TASK:
Here is a block of entries. Write out its lines exactly, from the first through the one containing "2 * \<eta> * inner u \<Delta>".

+ + +

lemma cocoercive_gradient_step_bound:
  fixes d \<Delta> u :: "'a::real_inner"
  assumes co: "(norm \<Delta>)\<^sup>2 + m * L * (norm d)\<^sup>2 \<le> (L + m) * inner d \<Delta>"
    and "0 < m" "m \<le> L" and "0 < \<eta>" "\<eta> \<le> 1 / (L + m)"
  shows "\<eta>\<^sup>2 * (norm \<Delta>)\<^sup>2 - 2 * \<eta> * inner u \<Delta>
    \<le> - \<eta> * m * (norm d)\<^sup>2 + 2 * \<eta> * L * (norm (d - u))\<^sup>2"
proof -
  define D where "D = (norm \<Delta>)\<^sup>2"
  define n where "n = (norm d)\<^sup>2"
  have "L + m > 0" "L > 0" using assms by simp_all
  have young: "2 * inner (d - u) \<Delta> \<le> 2 * L * (norm (d - u))\<^sup>2 + D / (2 * L)"
    using Youngs_inequality_inner[of "2 * L"] \<open>L > 0\<close> by (simp add: D_def)
  have "\<eta> * (L + m) \<le> 1"
    using assms \<open>L + m > 0\<close> by (simp add: field_simps)
  then have "\<eta> * (L + m) * D \<le> D"
    using mult_right_mono[of "\<eta> * (L + m)" 1 D] by (simp add: D_def)
  then have "\<eta> * D \<le> D / (L + m)"
    using \<open>L + m > 0\<close> by (simp add: field_simps)
  moreover have "D / (2 * L) \<le> D / (L + m)"
    using assms by (intro divide_left_mono) (simp_all add: D_def)
  moreover have "2 * (D + m * L * n) / (L + m) \<le> 2 * inner d \<Delta>"
    using co \<open>L + m > 0\<close> by (simp add: D_def n_def field_simps)
  ultimately have "\<eta> * D + D / (2 * L) - 2 * inner d \<Delta>
      \<le> D / (L + m) + D / (L + m) - 2 * (D + m * L * n) / (L + m)"
    by linarith
  also have "\<dots> = - (2 * L) * (m * n) / (L + m)"
    by (simp add: add_divide_distrib[symmetric] diff_divide_distrib[symmetric] algebra_simps)
  also have "\<dots> \<le> - m * n"
    using assms \<open>L + m > 0\<close> by (simp add: field_simps n_def mult_right_mono)
  finally have "\<eta> * D + D / (2 * L) - 2 * inner d \<Delta> \<le> - m * n" .
  with young have "\<eta> * D - 2 * inner u \<Delta> \<le> - m * n + 2 * L * (norm (d - u))\<^sup>2"
    by (simp add: inner_diff_left)
  from mult_left_mono[OF this less_imp_le[OF \<open>0 < \<eta>\<close>]] show ?thesis
    by (simp add: D_def n_def algebra_simps power2_eq_square)
qed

+ + +

REPLY TO THE TASK:
lemma cocoercive_gradient_step_bound:
  fixes d \<Delta> u :: "'a::real_inner"
  assumes co: "(norm \<Delta>)\<^sup>2 + m * L * (norm d)\<^sup>2 \<le> (L + m) * inner d \<Delta>"
    and "0 < m" "m \<le> L" and "0 < \<eta>" "\<eta> \<le> 1 / (L + m)"
  shows "\<eta>\<^sup>2 * (norm \<Delta>)\<^sup>2 - 2 * \<eta> * inner u \<Delta>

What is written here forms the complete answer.